# [TASK DESCRIPTION]
Go from the first line below to the one with "B = (\<lambda>x" and print each line exactly.

# [SUPPLIED DATA]
(* Let $(\zeta_t)_{t\ge0}$ be the multi-species ASEP with one open boundary on $[N]$ described in the context, started from an arbitrary configuration in $\{1,2,3,\infty\}^N$. Let $\bar\zeta_t\in\{0,1\}^N$ be defined by $\bar\zeta_t(x)=1$ if $\zeta_t(x)\in\{1,2\}$ and $\bar\zeta_t(x)=0$ if $\zeta_t(x)\in\{3,\infty\}$. Then $(\bar\zeta_t)_{t\ge0}$ has the law of an ASEP with one open boundary on $[N]$ with parameters $q,\alpha,\gamma$.
   Context: Parameters: $q\in(0,1)$, $\alpha>\gamma>0$. The ASEP with one open boundary on $[N]$ is the Markov chain on $\{0,1\}^N$ in which a particle at $x$ jumps to $x+1$ at rate $1$ and to $x-1$ at rate $q$, provided the target is a vacant site in $[N]$. In addition, a particle is created at site $1$ at rate $\alpha$ if site $1$ is vacant, and removed at rate $\gamma$ if site $1$ is occupied. Multi-species ASEP: the state space is $\{1,2,3,\infty\}^N$, with total order $1>_p2>_p3>_p\infty$ (values $1,2,3$ are first, second and third class particles, $\infty$ a hole). Each edge $\{x,x+1\}$, $x\in[N-1]$, carries independent rate-$1$ and rate-$q$ Poisson clocks. When the rate-$1$ clock rings, the two values on the edge are sorted so that the $>_p$-larger value is at $x+1$. When the rate-$q$ clock rings, they are sorted so that the $>_p$-larger value is at $x$. Site $1$ carries a rate-$\alpha$ clock and a rate-$\gamma$ clock. When the rate-$\alpha$ clock rings, a value $\infty$ at site $1$ becomes $1$ and a value $3$ becomes $2$. When the rate-$\gamma$ clock rings, a value $1$ at site $1$ becomes $\infty$ and a value $2$ becomes $3$. Other values at site $1$ are unchanged. *)

theory Defs
  imports Complex_Main
begin

definition mat_mult :: "'s set \<Rightarrow> ('s \<Rightarrow> 's \<Rightarrow> real) \<Rightarrow> ('s \<Rightarrow> 's \<Rightarrow> real) \<Rightarrow> 's \<Rightarrow> 's \<Rightarrow> real" where
  "mat_mult S A B = (\<lambda>x y. \<Sum>z\<in>S. A x z * B z y)"

fun mat_pow :: "'s set \<Rightarrow> ('s \<Rightarrow> 's \<Rightarrow> real) \<Rightarrow> nat \<Rightarrow> 's \<Rightarrow> 's \<Rightarrow> real" where
  "mat_pow S A 0 = (\<lambda>x y. if x = y then 1 else 0)"
| "mat_pow S A (Suc n) = mat_mult S (mat_pow S A n) A"

definition trans_sg :: "'s set \<Rightarrow> ('s \<Rightarrow> 's \<Rightarrow> real) \<Rightarrow> real \<Rightarrow> 's \<Rightarrow> 's \<Rightarrow> real" where
  "trans_sg S Q t x y = (\<Sum>n. t ^ n / fact n * mat_pow S Q n x y)"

# [YOUR RESPONSE]
(* Let $(\zeta_t)_{t\ge0}$ be the multi-species ASEP with one open boundary on $[N]$ described in the context, started from an arbitrary configuration in $\{1,2,3,\infty\}^N$. Let $\bar\zeta_t\in\{0,1\}^N$ be defined by $\bar\zeta_t(x)=1$ if $\zeta_t(x)\in\{1,2\}$ and $\bar\zeta_t(x)=0$ if $\zeta_t(x)\in\{3,\infty\}$. Then $(\bar\zeta_t)_{t\ge0}$ has the law of an ASEP with one open boundary on $[N]$ with parameters $q,\alpha,\gamma$.
   Context: Parameters: $q\in(0,1)$, $\alpha>\gamma>0$. The ASEP with one open boundary on $[N]$ is the Markov chain on $\{0,1\}^N$ in which a particle at $x$ jumps to $x+1$ at rate $1$ and to $x-1$ at rate $q$, provided the target is a vacant site in $[N]$. In addition, a particle is created at site $1$ at rate $\alpha$ if site $1$ is vacant, and removed at rate $\gamma$ if site $1$ is occupied. Multi-species ASEP: the state space is $\{1,2,3,\infty\}^N$, with total order $1>_p2>_p3>_p\infty$ (values $1,2,3$ are first, second and third class particles, $\infty$ a hole). Each edge $\{x,x+1\}$, $x\in[N-1]$, carries independent rate-$1$ and rate-$q$ Poisson clocks. When the rate-$1$ clock rings, the two values on the edge are sorted so that the $>_p$-larger value is at $x+1$. When the rate-$q$ clock rings, they are sorted so that the $>_p$-larger value is at $x$. Site $1$ carries a rate-$\alpha$ clock and a rate-$\gamma$ clock. When the rate-$\alpha$ clock rings, a value $\infty$ at site $1$ becomes $1$ and a value $3$ becomes $2$. When the rate-$\gamma$ clock rings, a value $1$ at site $1$ becomes $\infty$ and a value $2$ becomes $3$. Other values at site $1$ are unchanged. *)

theory Defs
  imports Complex_Main
begin

definition mat_mult :: "'s set \<Rightarrow> ('s \<Rightarrow> 's \<Rightarrow> real) \<Rightarrow> ('s \<Rightarrow> 's \<Rightarrow> real) \<Rightarrow> 's \<Rightarrow> 's \<Rightarrow> real" where
  "mat_mult S A B = (\<lambda>x y. \<Sum>z\<in>S. A x z * B z y)"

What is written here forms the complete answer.